_Records from a dataset_

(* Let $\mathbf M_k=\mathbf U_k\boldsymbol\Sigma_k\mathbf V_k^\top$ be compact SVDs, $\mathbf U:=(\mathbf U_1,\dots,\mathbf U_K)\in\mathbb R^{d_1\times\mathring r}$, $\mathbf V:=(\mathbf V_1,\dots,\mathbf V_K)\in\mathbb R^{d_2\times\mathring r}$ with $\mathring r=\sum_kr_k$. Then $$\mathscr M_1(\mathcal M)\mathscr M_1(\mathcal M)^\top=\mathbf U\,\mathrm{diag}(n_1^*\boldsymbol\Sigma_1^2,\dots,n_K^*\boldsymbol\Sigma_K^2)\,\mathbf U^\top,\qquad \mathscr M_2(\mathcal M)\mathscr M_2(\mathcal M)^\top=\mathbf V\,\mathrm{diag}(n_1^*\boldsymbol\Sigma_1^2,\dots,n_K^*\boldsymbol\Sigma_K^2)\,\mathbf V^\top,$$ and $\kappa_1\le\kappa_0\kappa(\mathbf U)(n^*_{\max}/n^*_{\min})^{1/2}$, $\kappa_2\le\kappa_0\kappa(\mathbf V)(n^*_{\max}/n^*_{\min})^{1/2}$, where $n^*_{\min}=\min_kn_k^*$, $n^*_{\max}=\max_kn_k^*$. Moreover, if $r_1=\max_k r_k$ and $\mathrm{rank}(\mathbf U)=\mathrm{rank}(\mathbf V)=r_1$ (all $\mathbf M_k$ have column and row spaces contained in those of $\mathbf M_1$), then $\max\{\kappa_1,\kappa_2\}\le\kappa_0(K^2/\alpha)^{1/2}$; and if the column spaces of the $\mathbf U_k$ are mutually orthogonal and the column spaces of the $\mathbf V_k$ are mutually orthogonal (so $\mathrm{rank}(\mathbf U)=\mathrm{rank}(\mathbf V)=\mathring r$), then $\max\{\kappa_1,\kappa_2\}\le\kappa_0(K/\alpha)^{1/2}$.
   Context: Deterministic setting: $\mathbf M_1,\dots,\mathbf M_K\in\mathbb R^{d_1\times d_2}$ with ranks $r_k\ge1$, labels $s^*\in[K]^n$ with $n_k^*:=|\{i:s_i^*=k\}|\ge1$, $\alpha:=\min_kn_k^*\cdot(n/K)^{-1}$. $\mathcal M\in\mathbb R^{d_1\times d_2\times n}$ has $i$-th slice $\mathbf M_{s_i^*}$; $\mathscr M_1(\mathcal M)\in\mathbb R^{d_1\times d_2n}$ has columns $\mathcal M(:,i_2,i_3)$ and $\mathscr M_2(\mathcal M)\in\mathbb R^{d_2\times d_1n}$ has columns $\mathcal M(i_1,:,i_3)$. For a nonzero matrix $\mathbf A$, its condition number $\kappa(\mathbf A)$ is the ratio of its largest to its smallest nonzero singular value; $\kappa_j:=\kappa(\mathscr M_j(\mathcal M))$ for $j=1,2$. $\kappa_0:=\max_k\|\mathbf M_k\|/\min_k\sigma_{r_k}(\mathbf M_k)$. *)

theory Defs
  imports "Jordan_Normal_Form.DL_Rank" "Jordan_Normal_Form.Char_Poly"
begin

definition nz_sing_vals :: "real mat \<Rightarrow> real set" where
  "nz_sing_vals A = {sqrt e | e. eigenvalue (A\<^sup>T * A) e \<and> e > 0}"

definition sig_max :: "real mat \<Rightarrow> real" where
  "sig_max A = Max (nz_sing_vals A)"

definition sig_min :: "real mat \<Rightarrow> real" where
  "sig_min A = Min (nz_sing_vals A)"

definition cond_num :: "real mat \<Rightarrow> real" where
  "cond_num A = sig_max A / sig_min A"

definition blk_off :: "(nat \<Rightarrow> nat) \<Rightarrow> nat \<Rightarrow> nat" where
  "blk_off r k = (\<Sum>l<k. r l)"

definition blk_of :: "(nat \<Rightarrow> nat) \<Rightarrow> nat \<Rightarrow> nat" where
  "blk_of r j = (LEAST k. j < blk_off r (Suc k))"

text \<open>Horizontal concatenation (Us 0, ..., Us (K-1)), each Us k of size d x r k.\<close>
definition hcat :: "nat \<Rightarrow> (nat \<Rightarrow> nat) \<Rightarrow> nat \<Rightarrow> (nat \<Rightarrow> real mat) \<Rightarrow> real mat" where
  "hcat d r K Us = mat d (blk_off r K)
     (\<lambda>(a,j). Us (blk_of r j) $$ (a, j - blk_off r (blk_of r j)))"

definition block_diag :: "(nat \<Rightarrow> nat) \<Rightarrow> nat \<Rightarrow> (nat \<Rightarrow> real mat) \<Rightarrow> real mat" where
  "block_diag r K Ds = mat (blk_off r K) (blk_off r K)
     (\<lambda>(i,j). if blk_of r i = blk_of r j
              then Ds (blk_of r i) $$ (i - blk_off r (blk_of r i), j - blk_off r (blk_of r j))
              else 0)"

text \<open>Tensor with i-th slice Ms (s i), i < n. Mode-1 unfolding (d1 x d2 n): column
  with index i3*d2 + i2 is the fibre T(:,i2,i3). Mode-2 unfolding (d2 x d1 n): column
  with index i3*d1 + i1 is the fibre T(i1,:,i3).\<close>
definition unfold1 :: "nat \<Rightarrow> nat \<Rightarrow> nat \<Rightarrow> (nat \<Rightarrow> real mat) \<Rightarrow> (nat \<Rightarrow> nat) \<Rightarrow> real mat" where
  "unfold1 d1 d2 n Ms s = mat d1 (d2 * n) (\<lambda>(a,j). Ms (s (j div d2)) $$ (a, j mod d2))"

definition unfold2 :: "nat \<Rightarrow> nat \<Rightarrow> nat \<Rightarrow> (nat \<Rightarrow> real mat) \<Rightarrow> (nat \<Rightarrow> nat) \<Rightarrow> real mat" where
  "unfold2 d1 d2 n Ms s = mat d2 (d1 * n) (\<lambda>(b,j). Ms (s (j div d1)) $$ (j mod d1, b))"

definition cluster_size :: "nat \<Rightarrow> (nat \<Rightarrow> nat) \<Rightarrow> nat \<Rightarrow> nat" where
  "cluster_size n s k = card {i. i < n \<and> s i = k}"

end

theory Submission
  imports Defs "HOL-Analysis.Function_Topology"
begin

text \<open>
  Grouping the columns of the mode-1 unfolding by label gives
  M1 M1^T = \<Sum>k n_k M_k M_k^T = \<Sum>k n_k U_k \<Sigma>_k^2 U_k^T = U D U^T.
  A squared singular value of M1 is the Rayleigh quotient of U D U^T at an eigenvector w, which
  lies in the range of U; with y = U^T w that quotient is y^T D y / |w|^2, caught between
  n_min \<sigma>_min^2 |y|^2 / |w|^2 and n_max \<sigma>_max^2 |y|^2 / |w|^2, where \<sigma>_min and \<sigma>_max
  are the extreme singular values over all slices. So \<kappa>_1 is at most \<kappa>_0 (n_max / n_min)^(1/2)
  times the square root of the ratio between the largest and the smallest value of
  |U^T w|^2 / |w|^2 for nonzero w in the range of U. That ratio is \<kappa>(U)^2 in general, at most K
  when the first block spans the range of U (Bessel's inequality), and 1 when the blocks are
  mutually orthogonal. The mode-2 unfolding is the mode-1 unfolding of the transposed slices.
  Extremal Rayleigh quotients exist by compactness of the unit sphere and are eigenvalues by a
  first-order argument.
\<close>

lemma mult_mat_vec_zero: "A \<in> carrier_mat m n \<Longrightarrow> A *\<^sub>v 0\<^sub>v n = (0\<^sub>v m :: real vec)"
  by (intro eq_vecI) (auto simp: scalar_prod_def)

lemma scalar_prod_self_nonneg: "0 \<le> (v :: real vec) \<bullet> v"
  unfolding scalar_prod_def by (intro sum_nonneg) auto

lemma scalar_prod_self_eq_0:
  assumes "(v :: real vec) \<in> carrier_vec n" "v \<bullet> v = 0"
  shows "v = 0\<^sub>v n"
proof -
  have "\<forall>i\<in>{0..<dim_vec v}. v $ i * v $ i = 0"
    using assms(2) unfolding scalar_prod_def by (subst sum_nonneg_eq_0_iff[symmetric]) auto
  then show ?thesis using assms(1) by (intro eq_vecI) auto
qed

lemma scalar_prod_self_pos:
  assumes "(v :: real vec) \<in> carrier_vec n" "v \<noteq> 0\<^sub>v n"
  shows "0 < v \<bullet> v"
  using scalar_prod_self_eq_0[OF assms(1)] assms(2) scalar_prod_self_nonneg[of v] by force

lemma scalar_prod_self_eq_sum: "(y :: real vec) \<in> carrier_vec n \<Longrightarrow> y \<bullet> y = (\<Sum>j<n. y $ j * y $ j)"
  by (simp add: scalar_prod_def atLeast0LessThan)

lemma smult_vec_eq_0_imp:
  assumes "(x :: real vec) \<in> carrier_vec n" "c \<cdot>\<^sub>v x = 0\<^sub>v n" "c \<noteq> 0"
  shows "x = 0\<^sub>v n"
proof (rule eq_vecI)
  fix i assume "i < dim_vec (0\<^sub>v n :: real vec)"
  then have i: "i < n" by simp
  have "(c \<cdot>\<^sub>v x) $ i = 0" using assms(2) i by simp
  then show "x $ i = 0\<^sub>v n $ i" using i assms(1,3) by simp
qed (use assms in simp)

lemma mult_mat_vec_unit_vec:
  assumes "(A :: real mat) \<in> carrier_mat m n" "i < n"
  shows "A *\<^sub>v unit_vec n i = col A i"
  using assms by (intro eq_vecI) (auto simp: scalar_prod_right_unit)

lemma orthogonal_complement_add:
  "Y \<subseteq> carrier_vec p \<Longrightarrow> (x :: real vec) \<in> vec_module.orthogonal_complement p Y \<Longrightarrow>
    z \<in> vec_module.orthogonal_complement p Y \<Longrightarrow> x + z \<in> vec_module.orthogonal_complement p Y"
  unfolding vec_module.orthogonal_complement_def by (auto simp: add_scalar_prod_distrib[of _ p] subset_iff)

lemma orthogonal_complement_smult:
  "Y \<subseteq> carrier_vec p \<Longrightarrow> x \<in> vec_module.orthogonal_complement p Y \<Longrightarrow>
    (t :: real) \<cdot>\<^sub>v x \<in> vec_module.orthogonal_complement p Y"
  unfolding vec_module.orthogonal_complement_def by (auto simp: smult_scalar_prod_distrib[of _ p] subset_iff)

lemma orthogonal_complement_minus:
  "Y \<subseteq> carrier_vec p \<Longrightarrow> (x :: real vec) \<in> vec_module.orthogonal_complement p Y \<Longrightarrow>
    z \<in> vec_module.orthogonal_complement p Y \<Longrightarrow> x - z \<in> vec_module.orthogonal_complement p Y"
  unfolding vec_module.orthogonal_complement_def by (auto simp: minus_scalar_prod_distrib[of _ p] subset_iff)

* * *

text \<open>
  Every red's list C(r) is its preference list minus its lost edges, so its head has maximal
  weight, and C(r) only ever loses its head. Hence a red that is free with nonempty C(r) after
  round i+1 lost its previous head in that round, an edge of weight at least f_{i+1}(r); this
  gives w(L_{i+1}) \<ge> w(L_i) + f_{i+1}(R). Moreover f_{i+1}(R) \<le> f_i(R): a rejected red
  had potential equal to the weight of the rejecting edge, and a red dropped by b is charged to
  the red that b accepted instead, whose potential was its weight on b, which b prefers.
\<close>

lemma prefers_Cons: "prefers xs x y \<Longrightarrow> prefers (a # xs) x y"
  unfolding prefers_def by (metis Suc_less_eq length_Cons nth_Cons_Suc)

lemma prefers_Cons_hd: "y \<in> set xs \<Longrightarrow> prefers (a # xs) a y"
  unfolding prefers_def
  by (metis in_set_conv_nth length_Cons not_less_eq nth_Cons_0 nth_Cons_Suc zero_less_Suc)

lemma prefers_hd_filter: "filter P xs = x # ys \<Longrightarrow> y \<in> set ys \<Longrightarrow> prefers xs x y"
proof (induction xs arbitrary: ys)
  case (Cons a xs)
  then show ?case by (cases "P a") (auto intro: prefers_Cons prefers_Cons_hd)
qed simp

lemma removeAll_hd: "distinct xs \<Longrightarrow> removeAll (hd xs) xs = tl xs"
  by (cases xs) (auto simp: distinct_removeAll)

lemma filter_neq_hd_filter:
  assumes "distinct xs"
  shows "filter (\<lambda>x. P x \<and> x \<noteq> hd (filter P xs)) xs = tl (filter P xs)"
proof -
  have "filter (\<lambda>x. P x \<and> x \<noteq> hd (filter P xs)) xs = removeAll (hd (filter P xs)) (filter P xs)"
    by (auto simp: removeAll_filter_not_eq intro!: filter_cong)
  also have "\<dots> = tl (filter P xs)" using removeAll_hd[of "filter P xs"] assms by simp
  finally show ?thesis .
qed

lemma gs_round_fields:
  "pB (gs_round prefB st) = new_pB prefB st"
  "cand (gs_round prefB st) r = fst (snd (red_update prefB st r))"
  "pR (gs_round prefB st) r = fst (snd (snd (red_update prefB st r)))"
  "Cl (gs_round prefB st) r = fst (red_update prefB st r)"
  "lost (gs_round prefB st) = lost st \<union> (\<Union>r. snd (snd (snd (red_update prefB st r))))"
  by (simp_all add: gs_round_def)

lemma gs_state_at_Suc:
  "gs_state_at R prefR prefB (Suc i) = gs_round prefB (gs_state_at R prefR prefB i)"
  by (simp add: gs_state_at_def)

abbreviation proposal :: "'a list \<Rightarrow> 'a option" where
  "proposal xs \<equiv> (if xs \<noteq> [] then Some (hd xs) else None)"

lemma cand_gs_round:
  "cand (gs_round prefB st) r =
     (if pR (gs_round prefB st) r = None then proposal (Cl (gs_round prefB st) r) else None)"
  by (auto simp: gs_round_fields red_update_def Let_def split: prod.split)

_Goal of the exercise_
Only one stretch of the records above is wanted: the lines between the one holding "text \<open>Horizontal concatenation" and the one holding "(\<lambda>(i,j). if blk_of", inclusive, reproduced exactly.

_Result of this task_
text \<open>Horizontal concatenation (Us 0, ..., Us (K-1)), each Us k of size d x r k.\<close>
definition hcat :: "nat \<Rightarrow> (nat \<Rightarrow> nat) \<Rightarrow> nat \<Rightarrow> (nat \<Rightarrow> real mat) \<Rightarrow> real mat" where
  "hcat d r K Us = mat d (blk_off r K)
     (\<lambda>(a,j). Us (blk_of r j) $$ (a, j - blk_off r (blk_of r j)))"

definition block_diag :: "(nat \<Rightarrow> nat) \<Rightarrow> nat \<Rightarrow> (nat \<Rightarrow> real mat) \<Rightarrow> real mat" where
  "block_diag r K Ds = mat (blk_off r K) (blk_off r K)
     (\<lambda>(i,j). if blk_of r i = blk_of r j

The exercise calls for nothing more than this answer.